福岡大学病院では、新型コロナウイルス感染症等に罹患した重篤な呼吸不全の患者さんに膜型人工肺(ECMO)を使った治療を施し、十分な治療実績を収めています。昨年7月にはECMOセンターを設置し、重症患者さんをさらに積極的に受け入れるとともに、ECMO治療に必要な技術の向上および人材育成にも寄与しています。
10月1日(金)、福岡大学病院では、ECMOの装着を必要とする重症患者の搬送を可能にする「ECMOカー」を九州で初めて導入し、運行を開始しました。

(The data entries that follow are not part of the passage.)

(* Let $D$ be any tangle diagram and let $i\mapsto(g_i,L_i)$ be any decorated $\mathrm{SL}_2(\mathbb{C})$-coloring of $D$, corresponding to a decorated representation $\rho$. Then there exist $h\in\mathrm{SL}_2(\mathbb{C})$ and a shadow coloring $j\mapsto u_j$ of the conjugated decorated coloring $i\mapsto(h^{-1}g_ih,\,L_ih)$ such that the resulting decorated shadow coloring is admissible.
   Context: Tangle diagrams: a tangle diagram $D$ is an oriented tangle diagram in the square $[0,1]^2$, drawn with strands running from left to right, and viewed as a 4-valent graph with over/under information at each crossing. Segments are the edges of this graph; a strand is cut at every crossing, whether it passes over or under there. Regions are the connected components of the complement of the graph in the square. Above and below: for a segment $i$, $i^{\uparrow}$ is the region on the left of $i$ with respect to its orientation and $i^{\downarrow}$ the region on its right. Crossing labels: rotate a crossing so that both strands point to the right. The incoming segments are $1$ (upper left) and $2$ (lower left). The outgoing segments are $1'$ (lower right, continuing $1$) and $2'$ (upper right, continuing $2$). The crossing is positive if strand $1\to1'$ is over and negative if strand $2\to2'$ is over. Decorated $\mathrm{SL}_2(\mathbb{C})$-coloring: assign to each segment $i$ a matrix $g_i\in\mathrm{SL}_2(\mathbb{C})$ and a line $L_i\subset\mathbb{C}^2$ of row vectors with $L_ig_i=L_i$, such that: - at positive crossings, $g_{1'}=g_1$, $g_{2'}=g_1^{-1}g_2g_1$, $L_{1'}=L_1$ and $L_{2'}=L_2g_1$; - at negative crossings, $g_{2'}=g_2$, $g_{1'}=g_2g_1g_2^{-1}$, $L_{2'}=L_2$ and $L_{1'}=L_1g_2^{-1}$. Such colorings are equivalent to decorated representations of the Wirtinger presentation of the tangle group, i.e. representations $\rho$ into $\mathrm{SL}_2(\mathbb{C})$ together with a choice of invariant line for the meridians. Shadow coloring: assign a nonzero column vector $u_j\in\mathbb{C}^2$ to each region with $u_{i^{\downarrow}}=g_iu_{i^{\uparrow}}$ for every segment $i$. Admissibility: with $e_2=(0,1)^T$ and nonzero $v_i\in L_i$, the decorated shadow coloring is admissible if $\det(u_j,e_2)\ne0$ for every region $j$ and $v_ie_2\neq0$, $v_iu_{i^{\uparrow}}\neq0$ for every segment $i$. Here $\det(x,y)$ is the determinant of the matrix with columns $x,y$. *)

theory Defs
  imports "HOL-Analysis.Analysis"
begin

text \<open>Linear algebra: 2x2 complex matrices act on column vectors (complex^2) from the
left and on row vectors (also complex^2) from the right.\<close>

type_synonym mat2 = "complex^2^2"
type_synonym vec2 = "complex^2"

definition SL2 :: "mat2 set" where
  "SL2 = {g. det g = 1}"

definition is_line :: "vec2 set \<Rightarrow> bool" where
  "is_line L \<longleftrightarrow> (\<exists>v. v \<noteq> 0 \<and> L = {c *s v | c. True})"

definition line_act :: "vec2 set \<Rightarrow> mat2 \<Rightarrow> vec2 set" where
  "line_act L g = (\<lambda>v. v v* g) ` L"

definition pair :: "vec2 \<Rightarrow> vec2 \<Rightarrow> complex" where
  "pair v u = (\<Sum>i\<in>UNIV. v $ i * u $ i)"

definition e2 :: vec2 where
  "e2 = vector [0, 1]"

definition det_cols :: "vec2 \<Rightarrow> vec2 \<Rightarrow> complex" where
  "det_cols x y = det (\<chi> i j. if j = 1 then x $ i else y $ i)"

text \<open>A tangle diagram in [0,1]^2 (strands ending on the left and right edges) is
encoded, up to planar isotopy, by its Morse decomposition in the horizontal (x) direction:
a list of boundary orientations on the left edge and a word of elementary events.
At each generic vertical level the diagram meets a vertical line in n points, indexed
0..n-1 from bottom to top; each carries an orientation (True = pointing right,
False = pointing left).  The gaps (regions met by the vertical line) are indexed
0..n, gap j lying between point j-1 and point j (gap 0 at the bottom, gap n at the top).

Events:
 \<^item> Xing k aover: points k and k+1 cross; strand A goes from left point k to right point
   k+1, strand B from left point k+1 to right point k; aover says whether A is the
   over-strand.
 \<^item> Birth k ob: two new points are created at positions k, k+1 (a local minimum in x,
   an arc opening to the right), with orientations ob and (not ob).
 \<^item> Death k: points k and k+1 (of opposite orientation) are joined by an arc and
   disappear (a local maximum in x).\<close>

datatype elem = Xing nat bool | Birth nat bool | Death nat

fun step :: "bool list \<Rightarrow> elem \<Rightarrow> bool list" where
  "step os (Xing k ov) = os[k := os ! (k+1), k+1 := os ! k]"
| "step os (Birth k ob) = take k os @ [ob, \<not> ob] @ drop k os"
| "step os (Death k) = take k os @ drop (k+2) os"

fun valid_elem :: "bool list \<Rightarrow> elem \<Rightarrow> bool" where
  "valid_elem os (Xing k ov) = (k + 1 < length os)"
| "valid_elem os (Birth k ob) = (k \<le> length os)"
| "valid_elem os (Death k) = (k + 1 < length os \<and> os ! k \<noteq> os ! (k+1))"

text \<open>Orientations of the points at level t (level t lies between event t-1 and event t;
levels are 0..length w).\<close>
definition ori :: "bool list \<Rightarrow> elem list \<Rightarrow> nat \<Rightarrow> bool list" where
  "ori os0 w t = foldl step os0 (take t w)"

definition wf_diagram :: "bool list \<Rightarrow> elem list \<Rightarrow> bool" where
  "wf_diagram os0 w \<longleftrightarrow> (\<forall>t<length w. valid_elem (ori os0 w t) (w ! t))"

text \<open>Segments are represented by their intersection points (t,p) with the levels
(every segment meets some level); data on segments is given as functions of (t,p)
that are constant along each segment (enforced by the transition conditions below).
Similarly regions are represented by the gaps (t,j).

Above/below: for a point p oriented to the right, the region on its left is the gap
above it (p+1); for a point oriented to the left, it is the gap below it (p).\<close>

definition up_gap :: "bool list \<Rightarrow> nat \<Rightarrow> nat" where
  "up_gap os p = (if os ! p then p + 1 else p)"

definition down_gap :: "bool list \<Rightarrow> nat \<Rightarrow> nat" where
  "down_gap os p = (if os ! p then p else p + 1)"

text \<open>Crossing labels (1, 2, 1', 2') at a crossing between level t and t+1 at points
k,k+1, where a, b are the orientations of strands A and B (obtained by rotating the
crossing so that both strands point right).\<close>
definition xing_segs :: "nat \<Rightarrow> nat \<Rightarrow> bool \<Rightarrow> bool \<Rightarrow>
    (nat \<times> nat) \<times> (nat \<times> nat) \<times> (nat \<times> nat) \<times> (nat \<times> nat)" where
  "xing_segs t k a b =
    (if a \<and> b then ((t, k+1), (t, k), (t+1, k), (t+1, k+1))
     else if \<not> a \<and> \<not> b then ((t+1, k), (t+1, k+1), (t, k+1), (t, k))
     else if a then ((t, k), (t+1, k), (t+1, k+1), (t, k+1))
     else ((t+1, k+1), (t, k+1), (t, k), (t+1, k)))"

text \<open>The crossing is positive iff strand 1 -> 1' is the over-strand; strand 1 is B
when a = b and A otherwise.\<close>
definition xing_positive :: "bool \<Rightarrow> bool \<Rightarrow> bool \<Rightarrow> bool" where
  "xing_positive a b aover = (if a = b then \<not> aover else aover)"

fun event_ok :: "bool list \<Rightarrow> nat \<Rightarrow> elem \<Rightarrow> (nat \<times> nat \<Rightarrow> mat2) \<Rightarrow>
    (nat \<times> nat \<Rightarrow> vec2 set) \<Rightarrow> bool" where
  "event_ok os t (Xing k ov) G L =
     ((\<forall>p<length os. p \<noteq> k \<and> p \<noteq> k + 1 \<longrightarrow> G (t+1, p) = G (t, p) \<and> L (t+1, p) = L (t, p)) \<and>
      (case xing_segs t k (os ! k) (os ! (k+1)) of (s1, s2, s1', s2') \<Rightarrow>
        (if xing_positive (os ! k) (os ! (k+1)) ov
         then G s1' = G s1 \<and> G s2' = matrix_inv (G s1) ** G s2 ** G s1 \<and>
              L s1' = L s1 \<and> L s2' = line_act (L s2) (G s1)
         else G s2' = G s2 \<and> G s1' = G s2 ** G s1 ** matrix_inv (G s2) \<and>
              L s2' = L s2 \<and> L s1' = line_act (L s1) (matrix_inv (G s2)))))"
| "event_ok os t (Birth k ob) G L =
     ((\<forall>p<length os. (p < k \<longrightarrow> G (t+1, p) = G (t, p) \<and> L (t+1, p) = L (t, p)) \<and>
                     (k \<le> p \<longrightarrow> G (t+1, p+2) = G (t, p) \<and> L (t+1, p+2) = L (t, p))) \<and>
      G (t+1, k) = G (t+1, k+1) \<and> L (t+1, k) = L (t+1, k+1))"
| "event_ok os t (Death k) G L =
     ((\<forall>p<length os. (p < k \<longrightarrow> G (t+1, p) = G (t, p) \<and> L (t+1, p) = L (t, p)) \<and>
                     (k + 2 \<le> p \<longrightarrow> G (t+1, p-2) = G (t, p) \<and> L (t+1, p-2) = L (t, p))) \<and>
      G (t, k) = G (t, k+1) \<and> L (t, k) = L (t, k+1))"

ECMOは、血液を対外に出して酸素を加え再び体内に戻す装置で、コロナ患者を救う「最後の砦」と言われています。今回導入した「ECMOカー」は、ECMO治療が可能なストレッチャーを搭載し、ストレッチャーの両側での作業が可能となるスペースも確保されています。また、治療をしやすくするために天井も高く設計され、「動く集中治療室」として期待されます。車内には通常の救急車の約10倍の高容量バッテリーや同約2倍の酸素ボンベを搭載しており、福岡県内外の広域搬送が可能となります。

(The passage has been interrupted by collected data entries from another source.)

(* In the idealized setting described in the context, for the PAIR framework one has $\ell_k\ge 2\ell_{k-1}$ for every iteration $k\ge 1$.
   Context: Setting: a goal-conditioned Markov decision process with finite state space $\mathcal S$, finite action set $\mathcal A$, deterministic transitions, goal space $\mathcal G=\mathcal S$, and sparse reward $r(s,a,g)=\mathbb I\{s=g\}$. A policy is $\pi(a|s,g)$. Write $s\xrightarrow{\pi} g$ if, starting at $s_0=s$ and choosing $a_i\sim\pi(\cdot|s_i,g)$, $s_{i+1}\sim P(\cdot|s_i,a_i)$, the goal $g$ is reached ($s_t=g$ for some $t\ge 0$) with probability $1$. Let $d(s,s')$ be the minimum $t$ such that some policy reaches $s_t=s'$ from $s_0=s$ with probability $1$ ($+\infty$ if none). Let $\pi^{(k)}$ be the policy at the end of iteration $k$ ($\pi^{(0)}$ the initial policy) and $\ell_k=\sup\{\ell:\ s\xrightarrow{\pi^{(k)}} g \text{ for all } s,g \text{ with } d(s,g)\le \ell\}$. Assumptions: if $P(s'|s,a)=1$ then $\pi^{(0)}(a|s,g=s')=1$. In each iteration every state-goal pair $(s,g)$ is sampled at least once. Idealized PAIR iteration $k$: for each pair $(s,g)$, roll out $\pi^{(k-1)}$ from $s$ toward $g$; if it succeeds the trajectory is added to the dataset; otherwise task reduction selects a subgoal $s'$ maximizing $V(s,s')\cdot V(s',g)$, where $V$ is the goal-conditioned value function (equal to $1$ exactly on pairs $(x,y)$ with $x\xrightarrow{\pi^{(k-1)}}y$), executes $\pi^{(k-1)}(\cdot|\cdot,s')$ from $s$ and then $\pi^{(k-1)}(\cdot|\cdot,g)$, and adds the resulting successful trajectory from $s$ to $g$ if any. The supervised learning step then produces $\pi^{(k)}$ with $s\xrightarrow{\pi^{(k)}}g$ for every pair $(s,g)$ for which the dataset contains a successful trajectory from $s$ to $g$. *)

theory Defs
  imports "HOL-Probability.Probability_Mass_Function" "HOL-Library.Extended_Nat"
begin

text \<open>Deterministic goal-conditioned MDP: finite state type 's, finite action type 'a,
  transition function step s a (P(s'|s,a) = 1 iff s' = step s a).\<close>

fun reach_prob :: "('s \<Rightarrow> 'a::finite \<Rightarrow> 's) \<Rightarrow> ('s \<Rightarrow> 's \<Rightarrow> 'a pmf) \<Rightarrow> 's \<Rightarrow> nat \<Rightarrow> 's \<Rightarrow> real"
where
  "reach_prob step pol g 0 s = (if s = g then 1 else 0)"
| "reach_prob step pol g (Suc n) s =
     (if s = g then 1 else (\<Sum>a\<in>UNIV. pmf (pol s g) a * reach_prob step pol g n (step s a)))"

definition reaches :: "('s \<Rightarrow> 'a::finite \<Rightarrow> 's) \<Rightarrow> ('s \<Rightarrow> 's \<Rightarrow> 'a pmf) \<Rightarrow> 's \<Rightarrow> 's \<Rightarrow> bool"
where
  "reaches step pol s g \<longleftrightarrow> (\<lambda>n. reach_prob step pol g n s) \<longlonglongrightarrow> 1"

fun state_prob :: "('s \<Rightarrow> 'a::finite \<Rightarrow> 's) \<Rightarrow> ('s \<Rightarrow> 'a pmf) \<Rightarrow> nat \<Rightarrow> 's \<Rightarrow> 's \<Rightarrow> real"
where
  "state_prob step p 0 s x = (if s = x then 1 else 0)"
| "state_prob step p (Suc t) s x = (\<Sum>a\<in>UNIV. pmf (p s) a * state_prob step p t (step s a) x)"

definition dist_mdp :: "('s \<Rightarrow> 'a::finite \<Rightarrow> 's) \<Rightarrow> 's \<Rightarrow> 's \<Rightarrow> enat"
where
  "dist_mdp step s s' = Inf {enat t | t. \<exists>p. state_prob step p t s s' = 1}"

definition ell :: "('s \<Rightarrow> 'a::finite \<Rightarrow> 's) \<Rightarrow> ('s \<Rightarrow> 's \<Rightarrow> 'a pmf) \<Rightarrow> enat"
where
  "ell step pol = Sup {enat l | l. \<forall>s g. dist_mdp step s g \<le> enat l \<longrightarrow> reaches step pol s g}"

text \<open>Task-reduction execution: from s follow pol(.|.,s') until s' is reached, then
  follow pol(.|.,g); success as soon as g is visited.  Probability of success within n steps.\<close>
fun comp_prob :: "('s \<Rightarrow> 'a::finite \<Rightarrow> 's) \<Rightarrow> ('s \<Rightarrow> 's \<Rightarrow> 'a pmf) \<Rightarrow> 's \<Rightarrow> 's \<Rightarrow> nat \<Rightarrow> 's \<Rightarrow> real"
where
  "comp_prob step pol s' g 0 x =
     (if x = g then 1 else if x = s' then reach_prob step pol g 0 x else 0)"
| "comp_prob step pol s' g (Suc n) x =
     (if x = g then 1 else if x = s' then reach_prob step pol g (Suc n) x
      else (\<Sum>a\<in>UNIV. pmf (pol x s') a * comp_prob step pol s' g n (step x a)))"

definition comp_reaches :: "('s \<Rightarrow> 'a::finite \<Rightarrow> 's) \<Rightarrow> ('s \<Rightarrow> 's \<Rightarrow> 'a pmf) \<Rightarrow> 's \<Rightarrow> 's \<Rightarrow> 's \<Rightarrow> bool"
where
  "comp_reaches step pol s s' g \<longleftrightarrow> (\<lambda>n. comp_prob step pol s' g n s) \<longlonglongrightarrow> 1"

end

theory Submission
  imports Defs
begin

10月6日(水)には、報道各社に公開し、岩﨑昭憲福岡大学病院長やECMOセンターの石倉宏恭センター長、星野耕大副センター長が詳細な説明を行いました。石倉センター長は、「ECMOカーの導入で、患者さんにより早期にECMOを装着し、適切な施設に搬送することができるようになります。患者さんを待つのではなく、こちらから出向いてでも早く救命処置を行う“攻めの救急”をさらに進めていきたい」と話しました。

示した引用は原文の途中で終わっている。